> **Activity**
Up to and including the line containing "using assms unfolding", set down each line of the entries below exactly, starting from the first, and leave out the rest.

(Dataset entries)
--
section \<open>The ergodic minimum\<close>

lemma inv_measuresD:
  assumes "M \<in> inv_measures"
  shows "sets M = sets borelX" "space M = Xsp" "prob_space M" "shift \<in> M \<rightarrow>\<^sub>M M"
    and "distr M M shift = M"
proof -
  show sets: "sets M = sets borelX" and "prob_space M" and sh: "shift \<in> M \<rightarrow>\<^sub>M M"
    using assms unfolding inv_measures_def by auto
  show "space M = Xsp" using sets_eq_imp_space_eq[OF sets] by simp
  show "distr M M shift = M"
  proof (rule measure_eqI)
    fix A assume "A \<in> sets (distr M M shift)"
    then have "A \<in> sets M" by simp
    then show "emeasure (distr M M shift) A = emeasure M A"
      using emeasure_distr[OF sh] assms unfolding inv_measures_def by auto
  qed simp
qed

lemma funpow_shift_measurable: "shift \<in> M \<rightarrow>\<^sub>M M \<Longrightarrow> (shift ^^ n) \<in> M \<rightarrow>\<^sub>M M"
  by (induction n) (simp_all add: funpow_Suc_right measurable_comp)

lemma integral_funpow_shift:
  fixes f :: "(nat \<Rightarrow> real) \<Rightarrow> real"
  assumes M: "M \<in> inv_measures" and f: "f \<in> borel_measurable M"
  shows "(\<integral>x. f ((shift ^^ n) x) \<partial>M) = integral\<^sup>L M f"
proof (induction n)
  case (Suc n)
  have "(\<integral>x. f ((shift ^^ Suc n) x) \<partial>M) = (\<integral>x. f ((shift ^^ n) (shift x)) \<partial>M)"
    by (simp only: funpow_Suc_right comp_def)
  also have "\<dots> = (\<integral>x. f ((shift ^^ n) x) \<partial>distr M M shift)"
    using integral_distr[OF inv_measuresD(4)[OF M]
        measurable_compose[OF funpow_shift_measurable[OF inv_measuresD(4)[OF M], of n] f]]
    by simp
  finally show ?case using Suc by (simp add: inv_measuresD(5)[OF M])
qed simp

lemma integral_potential_Birkhoff_ge:
  assumes h: "h \<in> classH" and L: "lipschitz_unit_square L h" and M: "M \<in> inv_measures"
  shows "real n * hstar h - L \<le> real n * integral\<^sup>L M (potential h)"
proof -
  interpret prob_space M using inv_measuresD(3)[OF M] .
  have meas: "potential h \<in> borel_measurable M"
    using potential_measurable[OF L] measurable_cong_sets[OF inv_measuresD(1)[OF M] refl] by blast
  have integrable: "integrable M (\<lambda>x. potential h ((shift ^^ i) x))" for i
  proof (rule integrable_const_bound[where B = "\<bar>h 0 0\<bar> + 2 * L"])
    show "AE x in M. norm (potential h ((shift ^^ i) x)) \<le> \<bar>h 0 0\<bar> + 2 * L"
      using lipschitz_unit_square_bounded[OF L]
      by (intro AE_I2) (simp add: inv_measuresD(2)[OF M] funpow_shift Xsp_def)
  qed (rule measurable_compose[OF funpow_shift_measurable[OF inv_measuresD(4)[OF M]] meas])
  have "real n * integral\<^sup>L M (potential h) = (\<Sum>i<n. \<integral>x. potential h ((shift ^^ i) x) \<partial>M)"
    using integral_funpow_shift[OF M meas] by simp
  also have "\<dots> = (\<integral>x. (\<Sum>i<n. h (x i) (x (Suc i))) \<partial>M)"
    using integrable by (simp add: funpow_shift)
  finally have "real n * integral\<^sup>L M (potential h) = \<dots>" .
  moreover have "real n * hstar h - L \<le> (\<integral>x. (\<Sum>i<n. h (x i) (x (Suc i))) \<partial>M)"
  proof (rule integral_ge_const)
    show "integrable M (\<lambda>x. \<Sum>i<n. h (x i) (x (Suc i)))"
      using integrable by (simp add: funpow_shift)
    show "AE x in M. real n * hstar h - L \<le> (\<Sum>i<n. h (x i) (x (Suc i)))"
    proof (rule AE_I2)
      fix x assume "x \<in> space M"
      then have x: "\<And>i. x i \<in> {0..1}" by (simp add: inv_measuresD(2)[OF M] Xsp_def)
      have "L * \<bar>x n - x 0\<bar> \<le> L * 1"
        using x[of n] x[of 0] lipschitz_unit_square_nonneg[OF L] by (intro mult_left_mono) auto
      then show "real n * hstar h - L \<le> (\<Sum>i<n. h (x i) (x (Suc i)))"
        using sum_orbit_ge[OF h L, of x n] x by simp
    qed
  qed
  ultimately show ?thesis by simp
qed

lemma integral_potential_ge_hstar:
  assumes h: "h \<in> classH" and M: "M \<in> inv_measures"
  shows "hstar h \<le> integral\<^sup>L M (potential h)"
proof (rule ccontr)
  obtain L where L: "lipschitz_unit_square L h" using classH_lipschitz[OF h] .
  assume "\<not> ?thesis"
  then obtain n where "L < real n * (hstar h - integral\<^sup>L M (potential h))"
    using reals_Archimedean3[of "hstar h - integral\<^sup>L M (potential h)"] by auto
  with integral_potential_Birkhoff_ge[OF h L M, of n] show False
    by (simp add: algebra_simps)
qed

lemma return_fixed_point_inv_measures:
  assumes x: "x \<in> Xsp" "shift x = x"
  shows "return borelX x \<in> inv_measures"
  unfolding inv_measures_def
proof (intro CollectI conjI ballI)
  show "prob_space (return borelX x)" by (rule prob_space_return) (simp add: x(1))
  show "shift \<in> return borelX x \<rightarrow>\<^sub>M return borelX x" using shift_measurable by simp
  fix A assume "A \<in> sets (return borelX x)"
  then have A: "A \<in> sets borelX" by simp
  have pre: "shift -` A \<inter> Xsp \<in> sets borelX"
    using measurable_sets[OF shift_measurable A] by simp
  have "emeasure (return borelX x) (shift -` A \<inter> Xsp) = indicator (shift -` A \<inter> Xsp) x"
    by (rule emeasure_return[OF pre])
  also have "\<dots> = indicator A x" using x by (simp add: indicator_def)
  also have "\<dots> = emeasure (return borelX x) A" by (rule emeasure_return[OF A, symmetric])
  finally show "emeasure (return borelX x) (shift -` A \<inter> space (return borelX x)) = emeasure (return borelX x) A"
    by simp
qed simp

lemma alpha_potential_eq_hstar:
  assumes h: "h \<in> classH" and a: "a \<in> mset_h h"
  shows "alpha (potential h) = hstar h"
proof -
  obtain L where L: "lipschitz_unit_square L h" using classH_lipschitz[OF h] .
  let ?I = "(\<lambda>M. integral\<^sup>L M (potential h)) ` inv_measures"
  have haa: "h a a = hstar h" and a_seq: "const_seq a \<in> Xsp"
    using a by (simp_all add: mset_h_def const_seq_Xsp)
  define D where "D = return borelX (const_seq a)"
  have "shift (const_seq a) = const_seq a" by (simp add: shift_def const_seq_def)
  then have D: "D \<in> inv_measures"
    unfolding D_def by (rule return_fixed_point_inv_measures[OF a_seq])
  have "integral\<^sup>L D (potential h) = h a a"
    unfolding D_def using integral_return[OF _ potential_measurable[OF L]] a_seq
    by (simp add: const_seq_def)
  then have mem: "h a a \<in> ?I" by (rule image_eqI[OF sym D])
  have lower: "\<And>y. y \<in> ?I \<Longrightarrow> hstar h \<le> y"
    using integral_potential_ge_hstar[OF h] by blast
  then have "bdd_below ?I" by (rule bdd_belowI)
  then have "alpha (potential h) \<le> h a a" unfolding alpha_def by (rule cInf_lower[OF mem])
  moreover have "hstar h \<le> alpha (potential h)"
    unfolding alpha_def using mem lower by (intro cInf_greatest) auto
  ultimately show ?thesis using haa by simp
qed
--
> **Expected answer**
section \<open>The ergodic minimum\<close>

lemma inv_measuresD:
  assumes "M \<in> inv_measures"
  shows "sets M = sets borelX" "space M = Xsp" "prob_space M" "shift \<in> M \<rightarrow>\<^sub>M M"
    and "distr M M shift = M"
proof -
  show sets: "sets M = sets borelX" and "prob_space M" and sh: "shift \<in> M \<rightarrow>\<^sub>M M"
    using assms unfolding inv_measures_def by auto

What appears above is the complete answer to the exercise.